SUPPLIED RECORDS →
lemma sawtooth_piecewise_affine:
  fixes y :: "nat \<Rightarrow> real"
  assumes "\<forall>i<2 * s. y (Suc i) < y i" "y 0 = y (2 * s) + 2*pi" "s \<ge> 1" "i \<in> {1 .. 2 * s}"
  shows "\<exists>\<sigma>. \<forall>x\<in>{y i<..<y (i - 1)}. (sawtooth (y (2 * s)) (y 1) has_real_derivative \<sigma>) (at x)"
proof -
  note y = decreasing_first_points[OF assms(1,3)]
  then have c: "y (2 * s) < y 1" "y 1 < y (2 * s) + 2*pi" using assms(2) by simp_all
  show ?thesis
  proof (cases "i = 1")
    case True
    have "(sawtooth (y (2 * s)) (y 1) has_real_derivative 1) (at x)" if "y 1 < x" "x < y 0" for x
      using sawtooth_has_real_derivative[OF c, of x] that c assms(2) by simp
    then show ?thesis using True by (intro exI[of _ 1]) auto
  next
    case False
    then have "y (2 * s) \<le> y i" "y (i - 1) \<le> y 1"
      using decreasing_le[OF assms(1)] assms(4) by auto
    then have "(sawtooth (y (2 * s)) (y 1) has_real_derivative
                 - sawtooth_slope (y (2 * s)) (y 1)) (at x)"
      if "y i < x" "x < y (i - 1)" for x
      using sawtooth_has_real_derivative[OF c, of x] that c by simp
    then show ?thesis by (intro exI[of _ "- sawtooth_slope (y (2 * s)) (y 1)"]) auto
  qed
qed

lemma diff_functional_sawtooth_primitive_neg:
  assumes c: "c < y1" "y1 < c + 2*pi"
    and F: "\<And>j x. j < m \<Longrightarrow> (F j has_real_derivative F (Suc j) x) (at x)"
    and top: "\<And>x. F m x = \<mu> * (sawtooth c y1 x + \<beta>)" and "\<mu> > 0"
    and "c \<le> y1 - 3*d" "y1 + 3*d \<le> c + 2*pi" "a > 0" "real (Suc m) * a \<le> 2*d"
  shows "diff_functional d a (Suc m) (F 0) y1 < 0"
proof -
  define \<kappa> where "\<kappa> = sawtooth_slope c y1"
  have "diff_functional d a (Suc m) (F 0) y1 = (- \<mu> * \<kappa> - \<mu>) * a ^ Suc m"
  proof (rule diff_functional_at_kink[where F = F and m = m])
    show "F m x = F m y1 + \<mu> * (x - y1)" if "y1 \<le> x" "x \<le> y1 + 3*d" for x
    proof -
      have "sawtooth c y1 x = sawtooth c y1 y1 + (x - y1)"
        using that sawtooth_kink(1)[OF c, of x] \<open>y1 + 3*d \<le> c + 2*pi\<close> by simp
      then have "F m x = \<mu> * (sawtooth c y1 y1 + (x - y1) + \<beta>)" by (simp add: top)
      then show ?thesis by (simp add: top algebra_simps)
    qed
    show "F m x = F m y1 + - \<mu> * \<kappa> * (x - y1)" if "y1 - 3*d \<le> x" "x \<le> y1" for x
    proof -
      have "sawtooth c y1 x = sawtooth c y1 y1 - \<kappa> * (x - y1)"
        using that sawtooth_kink(2)[OF c, of x] \<open>c \<le> y1 - 3*d\<close> by (simp add: \<kappa>_def)
      then have "F m x = \<mu> * (sawtooth c y1 y1 - \<kappa> * (x - y1) + \<beta>)" by (simp add: top)
      then show ?thesis by (simp add: top algebra_simps)
    qed
  qed (use F assms(8,9) in auto)
  moreover have "- \<mu> * \<kappa> - \<mu> < 0"
    using mult_pos_pos[OF \<open>\<mu> > 0\<close> sawtooth_slope_pos[OF c]] \<open>\<mu> > 0\<close> by (simp add: \<kappa>_def)
  ultimately show ?thesis using \<open>a > 0\<close> by (simp add: mult_neg_pos)
qed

INSTRUCTIONS FOR THE TASK → Scan the material above for the string "lemma", returning each line that contains it.

EXERCISE RESULT →
lemma sawtooth_piecewise_affine:
lemma diff_functional_sawtooth_primitive_neg:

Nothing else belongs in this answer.